Jesu Urteil ist eindeutig. Und damit auch seine Botschaft an uns.
So mit sich zufrieden und so fertig mit allen anderen dürfen Jesu Jünger auf keinen Fall werden. Denn wer sich selbst erhöht, der wird erniedrigt werden; und wer sich selbst erniedrigt, der wird erhöht werden. Wir würden bei Gott keine Anerkennung finden, sondern zu denen gehören, die sich selbst erhöhen und von Gott erniedrigt werden.

Was heißt das für uns?
Eine Haltung der Demut, die um die eigene Unzulänglichkeit weiß, steht uns gut zu Gesicht. Denn Demut ist das Bewusstsein des unendlichen Zurückbleibens hinter der erstrebten Vollkommenheit. Demut verleiht uns einen liebevollen und barmherzigen Blick auf uns selbst und die anderen. Ich denke, es lohnt sich um Demut zu bitten, denn Demut ist ein wesentlicher Schlüssel zum Gelingen des eigenen Berufes und vor allen Dingen auch des Zusammenlebens in der Gemeinde. Selig, wer sich vor Untergebenen so demütig benimmt, wie wenn er vor seinen Oberen und Herren stünde, sagt schon Franz von Assisi
„Der Welt Schlüssel heißt Demut, ohne ihn ist alles Klopfen, Horchen, Spähen umsonst", mahnt Christian Morgenstern und wendet sich damit an den forschenden, die Welt analysierenden und damit auch beherrschenden Menschen, dessen vernünftige Grundhaltung von Demut geprägt sein sollte.

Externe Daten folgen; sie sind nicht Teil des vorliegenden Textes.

theorem corollary6p5:
  fixes p :: nat and \<phi> :: "'a::cp_field \<Rightarrow> 'a" and y s :: 'a
  assumes "prime p"
    and "vabs (of_nat p :: 'a) = 1 / real p"
    and "continuous_on Zp \<phi>"
    and "y \<in> Zp" and "s \<in> Zp"
  shows "T_op (S_op y \<phi>) s = T_op \<phi> (s + y)"
proof -
  have p: "p > 0" "vabs (of_nat p :: 'a) < 1"
    using prime_gt_1_nat[OF assms(1)] assms(2) by auto
  have fact_null: "(\<lambda>n. vabs (fact n :: 'a)) \<longlonglongrightarrow> 0"
    by (rule vabs_fact_tendsto_0[OF p])
  obtain M where "\<And>x. x \<in> Zp \<Longrightarrow> vabs (\<phi> x) \<le> M"
    using bounded_on_Zp[OF p assms(3)] by blast
  then have M: "vabs (\<phi> (-1 - of_nat k)) \<le> M" for k
    using of_int_in_Zp[of "-1 - int k"] by simp
  have "T_op (S_op y \<phi>) s = (\<Sum>n. \<Sum>k. TS_term s y \<phi> n k)"
    using sums_unique[OF TS_term_row_sums[where \<phi>=\<phi>, OF fact_null assms(4) M]]
    by (simp add: T_op_eq_suminf)
  also have "\<dots> = (\<Sum>m. \<Sum>i\<le>m. TS_term s y \<phi> i (m - i))"
  proof (rule sums_unique[OF sums_diagonal_cp, symmetric])
    show "vabs (TS_term s y \<phi> n k) \<le> vabs (fact (n + k) :: 'a) * M" for n k
      using assms(5,4) M by (rule vabs_TS_term_le)
    show "antimono (\<lambda>m. vabs (fact m :: 'a) * M)"
      using M[of 0] vabs_nonneg[of "\<phi> (-1)"] vabs_fact_antimono
      by (intro antimonoI mult_right_mono) auto
    show "(\<lambda>m. vabs (fact m :: 'a) * M) \<longlonglongrightarrow> 0"
      by (rule tendsto_mult_left_zero[OF fact_null])
  qed
  also have "\<dots> = T_op \<phi> (s + y)"
    by (simp add: TS_term_diagonal_sum T_op_eq_suminf)
  finally show ?thesis .
qed

end
lemma dparam_offset_a:
  assumes s: "s \<in> I"
  shows "dparam (\<lambda>s. c s + R *\<^sub>R a s) a s = 1 / (deriv s1 s * \<kappa> s)"
proof -
  define k where "k = deriv s1 s * \<kappa> s"
  have a': "vector_derivative a (at s) = (- k) *\<^sub>R h s"
    using frenet_a[rule_format, OF s] unfolding k_def by (simp add: vector_derivative_at)
  have b': "vector_derivative (\<lambda>s. c s + R *\<^sub>R a s) (at s) = 1 *\<^sub>R q s + (- R * k) *\<^sub>R h s + 0 *\<^sub>R a s"
    using offset_striction_derivative[OF s] unfolding k_def by (simp add: algebra_simps)
  have "det3 (1 *\<^sub>R q s + (- R * k) *\<^sub>R h s + 0 *\<^sub>R a s) (0 *\<^sub>R q s + 0 *\<^sub>R h s + 1 *\<^sub>R a s)
          (0 *\<^sub>R q s + (- k) *\<^sub>R h s + 0 *\<^sub>R a s) = k"
    unfolding det3_frame_combination frame_orthonormal(7)[OF s] by simp
  then have "dparam (\<lambda>s. c s + R *\<^sub>R a s) a s = k / (k * k)"
    unfolding dparam_def a' b' using frame_orthonormal(2)[OF s] by simp
  then show ?thesis
    unfolding k_def by simp
qed

lemma dparam_offset_parallel_a:
  assumes s: "s \<in> I" and e: "e s = x *\<^sub>R q s + y *\<^sub>R h s"
    and e': "vector_derivative e (at s) = z *\<^sub>R a s"
  shows "dparam (\<lambda>s. c s + R *\<^sub>R a s) e s = (y + R * deriv s1 s * \<kappa> s * x) / z"
proof -
  define k where "k = deriv s1 s * \<kappa> s"
  have b': "vector_derivative (\<lambda>s. c s + R *\<^sub>R a s) (at s) = 1 *\<^sub>R q s + (- R * k) *\<^sub>R h s + 0 *\<^sub>R a s"
    using offset_striction_derivative[OF s] unfolding k_def by (simp add: algebra_simps)
  have "det3 (1 *\<^sub>R q s + (- R * k) *\<^sub>R h s + 0 *\<^sub>R a s) (x *\<^sub>R q s + y *\<^sub>R h s + 0 *\<^sub>R a s)
          (0 *\<^sub>R q s + 0 *\<^sub>R h s + z *\<^sub>R a s) = z * (y + R * k * x)"
    unfolding det3_frame_combination frame_orthonormal(7)[OF s] by (simp add: algebra_simps)
  moreover have "minner (z *\<^sub>R a s) (z *\<^sub>R a s) = z * z"
    using frame_orthonormal(4)[OF s] by simp
  ultimately have "dparam (\<lambda>s. c s + R *\<^sub>R a s) e s = z * (y + R * k * x) / (z * z)"
    unfolding dparam_def b' e e' using frame_orthonormal(4)[OF s] by simp
  then show ?thesis
    unfolding k_def by (simp add: mult.assoc)
qed

lemma mannheim_offset_trajectories:
  assumes fg: "hyperbolic_pair f g" and \<theta>: "\<theta> differentiable (at s)"
    and qs: "\<forall>x\<in>I. qs x = f (\<theta> x) *\<^sub>R q x + g (\<theta> x) *\<^sub>R h x"
    and as: "\<forall>x\<in>I. as x = g (\<theta> x) *\<^sub>R q x + f (\<theta> x) *\<^sub>R h x"
    and mannheim: "\<forall>x\<in>I. central_normal qs x = a x"
    and as_nonnull: "minner (vector_derivative as (at s)) (vector_derivative as (at s)) \<noteq> 0"
    and s: "s \<in> I"
  shows "dparam (\<lambda>s. c s + R *\<^sub>R a s) (central_normal qs) s \<noteq> 0"
    and "dparam (\<lambda>s. c s + R *\<^sub>R a s) as s = 0 \<longleftrightarrow>
           f (\<theta> s) + R * deriv s1 s * \<kappa> s * g (\<theta> s) = 0"
proof -
  note angle = mannheim_angle_derivative[OF fg \<theta> qs mannheim[rule_format, OF s] s]
  have "dparam (\<lambda>s. c s + R *\<^sub>R a s) (central_normal qs) s = 1 / (deriv s1 s * \<kappa> s)"
    using dparam_cong_open[OF open_I s] mannheim dparam_offset_a[OF s] by metis
  then show "dparam (\<lambda>s. c s + R *\<^sub>R a s) (central_normal qs) s \<noteq> 0"
    using angle(2) by simp
  have "(\<theta> has_real_derivative - deriv s1 s) (at s)"
    using angle(1) \<theta> DERIV_deriv_iff_real_differentiable by metis
  then have as': "vector_derivative as (at s) = (f (\<theta> s) * deriv s1 s * \<kappa> s) *\<^sub>R a s"
    using rotation_vector_derivative_parallel_a fg hyperbolic_pair_commute as s by blast
  then have "f (\<theta> s) * deriv s1 s * \<kappa> s \<noteq> 0"
    using as_nonnull by auto
  then show "dparam (\<lambda>s. c s + R *\<^sub>R a s) as s = 0 \<longleftrightarrow>
               f (\<theta> s) + R * deriv s1 s * \<kappa> s * g (\<theta> s) = 0"
    using dparam_offset_parallel_a[OF s as[rule_format, OF s] as'] by simp
qed

end

theorem corollary5p4:
  fixes I :: "real set"
    and c q qs as :: "real \<Rightarrow> real^3"
    and R :: real
    and \<theta> \<kappa> s1 :: "real \<Rightarrow> real"
  assumes I: "open I" "I \<noteq> {}"
    and phi: "type_M1_minus I c q"
    and dev: "developable_on I c q"
    and orient: "\<forall>s\<in>I. minner (vector_derivative c (at s)) (q s) < 0"
    and s1: "\<forall>s\<in>I. (s1 has_real_derivative mnorm (vector_derivative q (at s))) (at s)"
    and frenet_h: "\<forall>s\<in>I. (central_normal q has_vector_derivative
                      deriv s1 s *\<^sub>R (q s + \<kappa> s *\<^sub>R asymptotic_normal q s)) (at s)"
    and frenet_a: "\<forall>s\<in>I. (asymptotic_normal q has_vector_derivative
                      deriv s1 s *\<^sub>R (- (\<kappa> s *\<^sub>R central_normal q s))) (at s)"
    and theta: "\<forall>s\<in>I. \<theta> differentiable (at s)"
    and types:
      "(\<forall>s\<in>I. qs s = sinh (\<theta> s) *\<^sub>R q s + cosh (\<theta> s) *\<^sub>R central_normal q s \<and>
               as s = cosh (\<theta> s) *\<^sub>R q s + sinh (\<theta> s) *\<^sub>R central_normal q s)
     \<or> (\<forall>s\<in>I. qs s = cosh (\<theta> s) *\<^sub>R q s + sinh (\<theta> s) *\<^sub>R central_normal q s \<and>
               as s = sinh (\<theta> s) *\<^sub>R q s + cosh (\<theta> s) *\<^sub>R central_normal q s)"
    and mannheim: "\<forall>s\<in>I. central_normal qs s = asymptotic_normal q s"
    and as_nonnull: "\<forall>s\<in>I. minner (vector_derivative as (at s)) (vector_derivative as (at s)) \<noteq> 0"
  shows
    "\<not> developable_on I (\<lambda>s. c s + R *\<^sub>R asymptotic_normal q s) (central_normal qs) \<and>
     ((\<forall>s\<in>I. qs s = sinh (\<theta> s) *\<^sub>R q s + cosh (\<theta> s) *\<^sub>R central_normal q s \<and>
               as s = cosh (\<theta> s) *\<^sub>R q s + sinh (\<theta> s) *\<^sub>R central_normal q s) \<longrightarrow>
       (developable_on I (\<lambda>s. c s + R *\<^sub>R asymptotic_normal q s) as \<longleftrightarrow>
         (\<forall>s\<in>I. sinh (\<theta> s) + R * deriv s1 s * \<kappa> s * cosh (\<theta> s) = 0))) \<and>
     ((\<forall>s\<in>I. qs s = cosh (\<theta> s) *\<^sub>R q s + sinh (\<theta> s) *\<^sub>R central_normal q s \<and>
               as s = sinh (\<theta> s) *\<^sub>R q s + cosh (\<theta> s) *\<^sub>R central_normal q s) \<longrightarrow>
       (developable_on I (\<lambda>s. c s + R *\<^sub>R asymptotic_normal q s) as \<longleftrightarrow>
         (\<forall>s\<in>I. cosh (\<theta> s) + R * deriv s1 s * \<kappa> s * sinh (\<theta> s) = 0)))"
proof -
  interpret developable_M1_minus I c q \<kappa> s1
    using I(1) phi dev orient s1 frenet_h frenet_a by unfold_locales
  obtain s0 where s0: "s0 \<in> I"
    using I(2) by blast
  have trajectories:
    "\<not> developable_on I (\<lambda>s. c s + R *\<^sub>R a s) (central_normal qs) \<and>
     (developable_on I (\<lambda>s. c s + R *\<^sub>R a s) as \<longleftrightarrow>
       (\<forall>s\<in>I. f (\<theta> s) + R * deriv s1 s * \<kappa> s * g (\<theta> s) = 0))"
    if fg: "hyperbolic_pair f g"
      and rotation: "\<forall>s\<in>I. qs s = f (\<theta> s) *\<^sub>R q s + g (\<theta> s) *\<^sub>R h s \<and>
                              as s = g (\<theta> s) *\<^sub>R q s + f (\<theta> s) *\<^sub>R h s"
    for f g
    using mannheim_offset_trajectories[OF fg theta[rule_format] _ _ mannheim as_nonnull[rule_format]]
      rotation s0
    unfolding developable_on_def by blast
  show ?thesis
    using trajectories[OF hyperbolic_pair_sinh_cosh] trajectories[OF hyperbolic_pair_cosh_sinh] types
    by blast
qed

Wenn wir auf den Wochenspruch aus dem 1. Petrusbrief hören: „Gott widersteht den Hochmütigen, aber den Demütigen gibt er Gnade", dann erscheint Demut  fast als ein Geheimnis des Gelingens all unserer Bemühungen. Wo diese Zutat fehlt, ist gewissermaßen das Ganze Gericht verdorben, wenn alle anderen Zutaten auch noch so gut ausgewählt sind. Dem sicher um des Gleichnisses willen von Jesus etwas zugespitzt gezeichneten Pharisäer nutzt all sein vorbildliches Tun gar nichts, wenn es nicht von einer Haltung der Demut getragen bleibt, Gott und den Menschen gegenüber.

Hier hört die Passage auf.